- Records for processing

(* Let $q>2$ be a prime power, $h\geq 2$, and let $\mathcal{L}_1,\mathcal{L}_2,\mathcal{L}_3$ be pairwise disjoint blocking sets of $\mathrm{PG}(2,q^h)$, each projectively equivalent to $\{(x:\mathrm{Tr}_{q^h/q}(x):y): x\in\mathbb{F}_{q^h},\ y\in\mathbb{F}_q,\ (x,y)\neq(0,0)\}$. Then $\mathcal{L}_1\cup\mathcal{L}_2\cup\mathcal{L}_3$ is a minimal $3$-fold blocking set.
   Context: $\mathrm{Tr}_{q^h/q}(x)=x+x^q+\dots+x^{q^{h-1}}$. A $t$-fold blocking set is a point set meeting every line in at least $t$ points; it is minimal if it contains no smaller $t$-fold blocking set (equivalently, each of its points lies on a line meeting it in exactly $t$ points). *)

theory Defs
  imports "HOL-Analysis.Analysis"
begin

definition proj_pt :: "'a::field ^ 3 \<Rightarrow> ('a ^ 3) set" where
  "proj_pt v = {c *s v | c. c \<noteq> 0}"

definition PG2_points :: "('a::field ^ 3) set set" where
  "PG2_points = {proj_pt v | v. v \<noteq> 0}"

definition PG2_line :: "'a::field ^ 3 \<Rightarrow> ('a ^ 3) set set" where
  "PG2_line u = {proj_pt v | v. v \<noteq> 0 \<and> (\<Sum>i\<in>UNIV. u $ i * v $ i) = 0}"

definition PG2_lines :: "('a::field ^ 3) set set set" where
  "PG2_lines = {PG2_line u | u. u \<noteq> 0}"

definition t_fold_blocking :: "nat \<Rightarrow> ('a::field ^ 3) set set \<Rightarrow> bool" where
  "t_fold_blocking t B \<longleftrightarrow> B \<subseteq> PG2_points \<and>
     (\<forall>L\<in>PG2_lines. card (B \<inter> L) \<ge> t)"

definition blocking_set :: "('a::field ^ 3) set set \<Rightarrow> bool" where
  "blocking_set B \<longleftrightarrow> t_fold_blocking 1 B"

definition minimal_t_fold_blocking :: "nat \<Rightarrow> ('a::field ^ 3) set set \<Rightarrow> bool" where
  "minimal_t_fold_blocking t B \<longleftrightarrow> t_fold_blocking t B \<and>
     (\<forall>B'. B' \<subset> B \<longrightarrow> \<not> t_fold_blocking t B')"

definition proj_image :: "'a::field ^ 3 ^ 3 \<Rightarrow> ('a ^ 3) set set \<Rightarrow> ('a ^ 3) set set" where
  "proj_image M S = {proj_pt (M *v v) | v. v \<noteq> 0 \<and> proj_pt v \<in> S}"

definition proj_equivalent :: "('a::field ^ 3) set set \<Rightarrow> ('a ^ 3) set set \<Rightarrow> bool" where
  "proj_equivalent A B \<longleftrightarrow> (\<exists>M :: 'a ^ 3 ^ 3. invertible M \<and> B = proj_image M A)"

definition trace_rel :: "nat \<Rightarrow> nat \<Rightarrow> 'a::field \<Rightarrow> 'a" where
  "trace_rel q h x = (\<Sum>i<h. x ^ (q ^ i))"

text \<open>The subfield F_q of a field of order q^h.\<close>

definition subfield_q :: "nat \<Rightarrow> 'a::field set" where
  "subfield_q q = {y. y ^ q = y}"

definition trace_set :: "nat \<Rightarrow> nat \<Rightarrow> ('a::field ^ 3) set set" where
  "trace_set q h = {proj_pt (vector [x, trace_rel q h x, y]) | x y.
      y \<in> subfield_q q \<and> (x, y) \<noteq> (0, 0)}"

definition prime_power :: "nat \<Rightarrow> bool" where
  "prime_power q \<longleftrightarrow> (\<exists>p k. prime p \<and> k > 0 \<and> q = p ^ k)"

end

theory Submission
  imports Defs "HOL-Number_Theory.Residues" "HOL-Algebra.Algebraic_Closure_Type"
begin

text \<open>The representative vectors \<open>(x, Tr x, y)\<close>, \<open>y \<in> \<bbbF>\<^sub>q\<close>, of the trace set form an
  additive group, and so do their images under a projectivity. Hence if \<open>\<langle>a\<rangle>, \<langle>b\<rangle>\<close> are
  two points of some \<open>L\<^sub>i\<close> on a line, \<open>\<langle>a + b\<rangle>\<close> is a third one: no line meets \<open>L\<^sub>i\<close> in
  exactly two points. Since \<open>Tr\<close> takes values in \<open>\<bbbF>\<^sub>q\<close> and \<open>Tr x = 1\<close> has at most
  \<open>q\<^bsup>h-1\<^esup>\<close> solutions, \<open>|L\<^sub>i| \<le> q\<^sup>h + q\<^bsup>h-1\<^esup> + 1\<close>.

  Let \<open>P \<in> L\<^sub>1\<close>. The \<open>q\<^sup>h + 1\<close> lines through \<open>P\<close> partition the remaining points; each
  carries no or at least two further points of \<open>L\<^sub>1\<close>, and one or at least three points of
  \<open>L\<^sub>2\<close> and of \<open>L\<^sub>3\<close>. If each of them met \<open>L\<^sub>1 \<union> L\<^sub>2 \<union> L\<^sub>3\<close> in four or more points,
  then \<open>|L\<^sub>1| - 1 + |L\<^sub>2| + |L\<^sub>3| \<ge> 4(q\<^sup>h + 1)\<close>, contradicting the size bound as
  \<open>q \<ge> 3\<close>. So every point of the union lies on a line meeting it in exactly three points,
  which makes the 3-fold blocking set minimal.\<close>

section \<open>Finite fields and the relative trace\<close>

text \<open>The library proves this only for the sort \<open>finite_field\<close>; here it is derived from
  Lagrange's theorem for the unit group of the type viewed as an HOL-Algebra ring.\<close>

lemma power_card_eq_self:
  fixes x :: "'a::{finite,field}"
  shows "x ^ CARD('a) = x"
proof (cases "x = 0")
  case False
  let ?R = "ring_of_type_algebra :: 'a ring"
  interpret cring ?R by (rule cring_from_type_algebra)
  have units: "Units ?R = UNIV - {0}"
    by (auto simp: Units_def ring_of_type_algebra_def) (metis left_inverse right_inverse)
  have pow: "y [^]\<^bsub>?R\<^esub> n = y ^ n" for y :: 'a and n :: nat
    by (induction n) (simp_all add: ring_of_type_algebra_def mult.commute)
  have one: "\<one>\<^bsub>?R\<^esub> = 1" by (simp add: ring_of_type_algebra_def)
  have "x [^]\<^bsub>?R\<^esub> card (Units ?R) = \<one>\<^bsub>?R\<^esub>"
    by (rule units_power_order_eq_one) (simp_all add: units False)
  then have "x ^ (CARD('a) - 1) = 1" by (simp add: units pow one card_Diff_singleton)
  then have "x * x ^ (CARD('a) - 1) = x" by simp
  then show ?thesis by (simp flip: power_Suc)
qed simp

lemma CHAR_power_eq_prime_power:
  fixes q h :: nat
  assumes "prime_power q" and "CARD('a::{finite,field}) = q ^ h"
  obtains k where "q = CHAR('a) ^ k"
proof -
  obtain p k where pk: "Factorial_Ring.prime p" "q = p ^ k"
    using assms(1) unfolding prime_power_def by blast
  have char_prime: "Factorial_Ring.prime CHAR('a)"
    by (simp add: finite_imp_CHAR_pos prime_CHAR_semidom)
  have "CHAR('a) dvd p ^ (k * h)"
    using CHAR_dvd_CARD[where ?'a = 'a] assms(2) pk(2) by (simp add: power_mult)
  then have "CHAR('a) = p"
    using char_prime pk(1) prime_dvd_power primes_dvd_imp_eq by blast
  then show thesis using pk(2) that by blast
qed

lemma freshmans_dream_prime_power:
  fixes x y :: "'a::{finite,field}"
  assumes "prime_power q" and "CARD('a) = q ^ h"
  shows "(x + y) ^ (q ^ i) = x ^ (q ^ i) + y ^ (q ^ i)"
proof -
  obtain k where "q = CHAR('a) ^ k" using CHAR_power_eq_prime_power assms .
  then show ?thesis
    by (intro freshmans_dream'[where n = "k * i"])
       (simp_all add: finite_imp_CHAR_pos prime_CHAR_semidom power_mult)
qed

- Problem description
Only the lines from the one holding "obtains k where" to the end of the entries above belong in the answer, each copied exactly.

- Result of the exercise
  obtains k where "q = CHAR('a) ^ k"
proof -
  obtain p k where pk: "Factorial_Ring.prime p" "q = p ^ k"
    using assms(1) unfolding prime_power_def by blast
  have char_prime: "Factorial_Ring.prime CHAR('a)"
    by (simp add: finite_imp_CHAR_pos prime_CHAR_semidom)
  have "CHAR('a) dvd p ^ (k * h)"
    using CHAR_dvd_CARD[where ?'a = 'a] assms(2) pk(2) by (simp add: power_mult)
  then have "CHAR('a) = p"
    using char_prime pk(1) prime_dvd_power primes_dvd_imp_eq by blast
  then show thesis using pk(2) that by blast
qed

lemma freshmans_dream_prime_power:
  fixes x y :: "'a::{finite,field}"
  assumes "prime_power q" and "CARD('a) = q ^ h"
  shows "(x + y) ^ (q ^ i) = x ^ (q ^ i) + y ^ (q ^ i)"
proof -
  obtain k where "q = CHAR('a) ^ k" using CHAR_power_eq_prime_power assms .
  then show ?thesis
    by (intro freshmans_dream'[where n = "k * i"])
       (simp_all add: finite_imp_CHAR_pos prime_CHAR_semidom power_mult)
qed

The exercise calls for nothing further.